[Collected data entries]
========================
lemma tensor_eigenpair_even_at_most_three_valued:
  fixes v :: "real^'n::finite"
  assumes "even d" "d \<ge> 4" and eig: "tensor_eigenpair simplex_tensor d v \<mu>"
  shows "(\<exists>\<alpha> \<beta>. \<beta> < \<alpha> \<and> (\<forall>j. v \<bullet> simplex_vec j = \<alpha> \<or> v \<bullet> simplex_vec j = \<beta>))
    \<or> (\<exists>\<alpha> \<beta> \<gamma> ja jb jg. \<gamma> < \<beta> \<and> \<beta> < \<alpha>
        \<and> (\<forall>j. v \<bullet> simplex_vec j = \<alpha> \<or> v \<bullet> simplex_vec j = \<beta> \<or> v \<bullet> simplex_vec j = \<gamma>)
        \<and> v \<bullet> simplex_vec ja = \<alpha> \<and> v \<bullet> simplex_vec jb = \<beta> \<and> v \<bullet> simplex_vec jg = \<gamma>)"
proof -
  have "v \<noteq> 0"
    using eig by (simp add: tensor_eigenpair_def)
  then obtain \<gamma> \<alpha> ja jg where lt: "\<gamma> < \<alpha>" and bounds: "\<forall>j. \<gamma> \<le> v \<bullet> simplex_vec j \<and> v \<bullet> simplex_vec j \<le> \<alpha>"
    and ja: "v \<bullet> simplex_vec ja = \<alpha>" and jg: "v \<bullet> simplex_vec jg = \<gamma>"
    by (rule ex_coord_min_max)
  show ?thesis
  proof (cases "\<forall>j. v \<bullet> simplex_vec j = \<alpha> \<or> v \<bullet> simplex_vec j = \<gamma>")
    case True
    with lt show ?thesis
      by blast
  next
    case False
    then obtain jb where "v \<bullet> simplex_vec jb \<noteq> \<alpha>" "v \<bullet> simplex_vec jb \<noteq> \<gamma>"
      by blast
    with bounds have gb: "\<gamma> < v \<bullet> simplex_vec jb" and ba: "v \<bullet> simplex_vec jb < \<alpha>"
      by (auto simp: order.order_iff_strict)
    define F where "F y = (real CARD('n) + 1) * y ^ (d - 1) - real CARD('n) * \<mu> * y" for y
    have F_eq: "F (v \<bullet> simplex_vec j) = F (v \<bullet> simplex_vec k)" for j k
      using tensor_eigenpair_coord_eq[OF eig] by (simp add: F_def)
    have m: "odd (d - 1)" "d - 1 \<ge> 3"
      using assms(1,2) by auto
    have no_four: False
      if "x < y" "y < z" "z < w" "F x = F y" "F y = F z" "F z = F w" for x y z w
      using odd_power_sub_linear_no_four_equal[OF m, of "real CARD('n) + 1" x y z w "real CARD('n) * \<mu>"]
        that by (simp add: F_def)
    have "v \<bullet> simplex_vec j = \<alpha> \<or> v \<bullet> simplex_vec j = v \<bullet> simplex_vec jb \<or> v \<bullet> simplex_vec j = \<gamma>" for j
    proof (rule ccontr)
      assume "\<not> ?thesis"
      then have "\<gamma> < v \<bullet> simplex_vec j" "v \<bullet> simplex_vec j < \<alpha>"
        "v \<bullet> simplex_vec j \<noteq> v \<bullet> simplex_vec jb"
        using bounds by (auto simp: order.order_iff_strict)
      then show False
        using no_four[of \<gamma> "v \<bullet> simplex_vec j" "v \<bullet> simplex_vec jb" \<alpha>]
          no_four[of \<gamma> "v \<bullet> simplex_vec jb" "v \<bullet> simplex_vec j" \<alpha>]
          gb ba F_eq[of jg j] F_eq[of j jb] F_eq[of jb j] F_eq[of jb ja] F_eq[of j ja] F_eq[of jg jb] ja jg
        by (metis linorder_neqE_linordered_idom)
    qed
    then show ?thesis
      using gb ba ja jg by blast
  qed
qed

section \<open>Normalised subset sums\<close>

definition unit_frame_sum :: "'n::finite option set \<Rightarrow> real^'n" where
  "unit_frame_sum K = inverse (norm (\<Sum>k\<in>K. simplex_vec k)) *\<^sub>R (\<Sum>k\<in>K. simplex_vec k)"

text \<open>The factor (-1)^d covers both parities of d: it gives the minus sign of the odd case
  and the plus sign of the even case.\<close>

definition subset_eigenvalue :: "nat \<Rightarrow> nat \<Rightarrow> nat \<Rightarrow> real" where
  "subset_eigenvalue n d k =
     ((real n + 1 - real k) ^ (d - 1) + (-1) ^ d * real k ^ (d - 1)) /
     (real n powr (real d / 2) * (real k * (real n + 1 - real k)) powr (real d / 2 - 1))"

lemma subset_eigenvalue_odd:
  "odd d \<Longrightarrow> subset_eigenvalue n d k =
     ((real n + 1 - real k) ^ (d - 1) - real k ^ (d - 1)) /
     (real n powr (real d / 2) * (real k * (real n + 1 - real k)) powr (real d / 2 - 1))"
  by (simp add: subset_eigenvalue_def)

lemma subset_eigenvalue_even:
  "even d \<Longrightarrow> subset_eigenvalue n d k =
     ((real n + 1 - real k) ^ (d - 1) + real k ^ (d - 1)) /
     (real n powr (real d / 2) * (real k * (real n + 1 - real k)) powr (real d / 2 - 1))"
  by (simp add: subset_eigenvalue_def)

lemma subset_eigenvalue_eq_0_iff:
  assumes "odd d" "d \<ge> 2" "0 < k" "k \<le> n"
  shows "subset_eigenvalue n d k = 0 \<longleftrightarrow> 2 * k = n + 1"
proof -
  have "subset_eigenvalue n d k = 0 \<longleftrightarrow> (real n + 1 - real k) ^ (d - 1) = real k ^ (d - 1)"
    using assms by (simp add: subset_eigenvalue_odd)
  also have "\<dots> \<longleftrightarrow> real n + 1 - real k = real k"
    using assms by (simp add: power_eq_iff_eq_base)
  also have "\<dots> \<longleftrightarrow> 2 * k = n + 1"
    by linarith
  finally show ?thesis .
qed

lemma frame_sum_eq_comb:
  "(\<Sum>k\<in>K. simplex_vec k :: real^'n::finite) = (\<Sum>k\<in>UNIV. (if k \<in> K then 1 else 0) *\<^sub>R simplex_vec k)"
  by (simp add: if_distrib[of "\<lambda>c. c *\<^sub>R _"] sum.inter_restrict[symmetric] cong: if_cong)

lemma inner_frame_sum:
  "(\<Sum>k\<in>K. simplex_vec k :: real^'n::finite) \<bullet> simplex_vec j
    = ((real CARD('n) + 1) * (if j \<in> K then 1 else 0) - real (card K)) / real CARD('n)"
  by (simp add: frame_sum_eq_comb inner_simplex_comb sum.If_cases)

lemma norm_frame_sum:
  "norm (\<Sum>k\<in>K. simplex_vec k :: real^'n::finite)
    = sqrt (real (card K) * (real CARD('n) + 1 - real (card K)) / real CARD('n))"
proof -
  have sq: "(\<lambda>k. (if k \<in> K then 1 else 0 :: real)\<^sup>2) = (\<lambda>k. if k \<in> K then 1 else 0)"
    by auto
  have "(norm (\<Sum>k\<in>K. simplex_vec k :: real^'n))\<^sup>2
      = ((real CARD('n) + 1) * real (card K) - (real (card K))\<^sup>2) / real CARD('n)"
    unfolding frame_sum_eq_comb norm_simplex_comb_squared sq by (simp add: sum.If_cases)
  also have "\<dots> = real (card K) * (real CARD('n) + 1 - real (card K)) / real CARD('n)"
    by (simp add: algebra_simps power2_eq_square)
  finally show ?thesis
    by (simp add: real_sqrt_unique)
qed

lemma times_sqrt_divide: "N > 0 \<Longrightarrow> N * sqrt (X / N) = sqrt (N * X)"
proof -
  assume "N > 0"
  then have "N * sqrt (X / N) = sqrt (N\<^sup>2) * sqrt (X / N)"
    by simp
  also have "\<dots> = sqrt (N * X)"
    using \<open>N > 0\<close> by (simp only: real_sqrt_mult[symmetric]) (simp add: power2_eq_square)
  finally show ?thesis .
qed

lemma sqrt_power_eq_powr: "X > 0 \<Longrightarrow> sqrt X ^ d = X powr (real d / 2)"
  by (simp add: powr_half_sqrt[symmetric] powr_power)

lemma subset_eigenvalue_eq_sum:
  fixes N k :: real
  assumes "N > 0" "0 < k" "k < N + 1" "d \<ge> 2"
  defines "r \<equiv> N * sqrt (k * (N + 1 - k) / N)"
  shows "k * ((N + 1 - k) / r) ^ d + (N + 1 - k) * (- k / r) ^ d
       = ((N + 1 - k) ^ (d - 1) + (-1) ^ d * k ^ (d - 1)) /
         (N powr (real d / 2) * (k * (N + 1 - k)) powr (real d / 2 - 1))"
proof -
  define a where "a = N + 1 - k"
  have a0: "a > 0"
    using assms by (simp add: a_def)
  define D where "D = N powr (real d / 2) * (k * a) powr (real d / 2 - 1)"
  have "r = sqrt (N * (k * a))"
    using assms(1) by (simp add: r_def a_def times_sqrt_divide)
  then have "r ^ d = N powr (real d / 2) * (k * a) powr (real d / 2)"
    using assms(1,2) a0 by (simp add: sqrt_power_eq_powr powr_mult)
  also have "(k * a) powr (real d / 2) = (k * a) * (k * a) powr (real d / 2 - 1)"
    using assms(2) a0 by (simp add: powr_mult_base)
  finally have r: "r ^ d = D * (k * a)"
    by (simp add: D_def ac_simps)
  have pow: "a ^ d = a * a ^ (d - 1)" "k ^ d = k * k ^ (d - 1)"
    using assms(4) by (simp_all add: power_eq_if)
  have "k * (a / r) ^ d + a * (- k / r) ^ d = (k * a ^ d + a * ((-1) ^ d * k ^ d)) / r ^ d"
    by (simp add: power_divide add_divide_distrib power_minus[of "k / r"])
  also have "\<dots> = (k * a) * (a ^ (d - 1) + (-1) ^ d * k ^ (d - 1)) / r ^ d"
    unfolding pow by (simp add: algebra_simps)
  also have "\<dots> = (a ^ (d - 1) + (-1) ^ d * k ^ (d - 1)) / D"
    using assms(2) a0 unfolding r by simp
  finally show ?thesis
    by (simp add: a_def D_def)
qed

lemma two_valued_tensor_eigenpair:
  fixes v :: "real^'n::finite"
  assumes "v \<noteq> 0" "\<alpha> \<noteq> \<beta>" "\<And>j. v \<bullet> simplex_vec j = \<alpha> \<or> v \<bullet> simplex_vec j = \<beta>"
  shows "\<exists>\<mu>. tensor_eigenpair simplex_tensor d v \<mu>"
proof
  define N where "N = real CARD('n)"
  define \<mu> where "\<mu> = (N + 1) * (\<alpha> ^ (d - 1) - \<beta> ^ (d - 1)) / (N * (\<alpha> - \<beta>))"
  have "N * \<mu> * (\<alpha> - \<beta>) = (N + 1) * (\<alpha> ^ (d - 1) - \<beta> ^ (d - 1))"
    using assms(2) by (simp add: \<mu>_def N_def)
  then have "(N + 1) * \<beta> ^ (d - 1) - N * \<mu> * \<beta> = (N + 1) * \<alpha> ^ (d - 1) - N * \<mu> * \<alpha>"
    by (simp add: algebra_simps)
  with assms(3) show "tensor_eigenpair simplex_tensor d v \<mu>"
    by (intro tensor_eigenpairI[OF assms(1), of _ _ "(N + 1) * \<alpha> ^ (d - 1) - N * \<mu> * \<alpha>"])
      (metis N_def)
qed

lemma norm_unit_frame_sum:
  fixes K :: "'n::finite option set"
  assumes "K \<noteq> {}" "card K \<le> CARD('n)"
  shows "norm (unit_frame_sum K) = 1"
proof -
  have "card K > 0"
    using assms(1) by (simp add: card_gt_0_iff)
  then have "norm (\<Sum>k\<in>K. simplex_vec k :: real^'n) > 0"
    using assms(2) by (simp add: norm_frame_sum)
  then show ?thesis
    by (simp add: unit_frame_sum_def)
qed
========================
[Goal of the exercise]
Only the lines above, from the first through the one holding "have no_four: False", are to be output, and they must be copied exactly.

[Worked solution]
lemma tensor_eigenpair_even_at_most_three_valued:
  fixes v :: "real^'n::finite"
  assumes "even d" "d \<ge> 4" and eig: "tensor_eigenpair simplex_tensor d v \<mu>"
  shows "(\<exists>\<alpha> \<beta>. \<beta> < \<alpha> \<and> (\<forall>j. v \<bullet> simplex_vec j = \<alpha> \<or> v \<bullet> simplex_vec j = \<beta>))
    \<or> (\<exists>\<alpha> \<beta> \<gamma> ja jb jg. \<gamma> < \<beta> \<and> \<beta> < \<alpha>
        \<and> (\<forall>j. v \<bullet> simplex_vec j = \<alpha> \<or> v \<bullet> simplex_vec j = \<beta> \<or> v \<bullet> simplex_vec j = \<gamma>)
        \<and> v \<bullet> simplex_vec ja = \<alpha> \<and> v \<bullet> simplex_vec jb = \<beta> \<and> v \<bullet> simplex_vec jg = \<gamma>)"
proof -
  have "v \<noteq> 0"
    using eig by (simp add: tensor_eigenpair_def)
  then obtain \<gamma> \<alpha> ja jg where lt: "\<gamma> < \<alpha>" and bounds: "\<forall>j. \<gamma> \<le> v \<bullet> simplex_vec j \<and> v \<bullet> simplex_vec j \<le> \<alpha>"
    and ja: "v \<bullet> simplex_vec ja = \<alpha>" and jg: "v \<bullet> simplex_vec jg = \<gamma>"
    by (rule ex_coord_min_max)
  show ?thesis
  proof (cases "\<forall>j. v \<bullet> simplex_vec j = \<alpha> \<or> v \<bullet> simplex_vec j = \<gamma>")
    case True
    with lt show ?thesis
      by blast
  next
    case False
    then obtain jb where "v \<bullet> simplex_vec jb \<noteq> \<alpha>" "v \<bullet> simplex_vec jb \<noteq> \<gamma>"
      by blast
    with bounds have gb: "\<gamma> < v \<bullet> simplex_vec jb" and ba: "v \<bullet> simplex_vec jb < \<alpha>"
      by (auto simp: order.order_iff_strict)
    define F where "F y = (real CARD('n) + 1) * y ^ (d - 1) - real CARD('n) * \<mu> * y" for y
    have F_eq: "F (v \<bullet> simplex_vec j) = F (v \<bullet> simplex_vec k)" for j k
      using tensor_eigenpair_coord_eq[OF eig] by (simp add: F_def)
    have m: "odd (d - 1)" "d - 1 \<ge> 3"
      using assms(1,2) by auto
    have no_four: False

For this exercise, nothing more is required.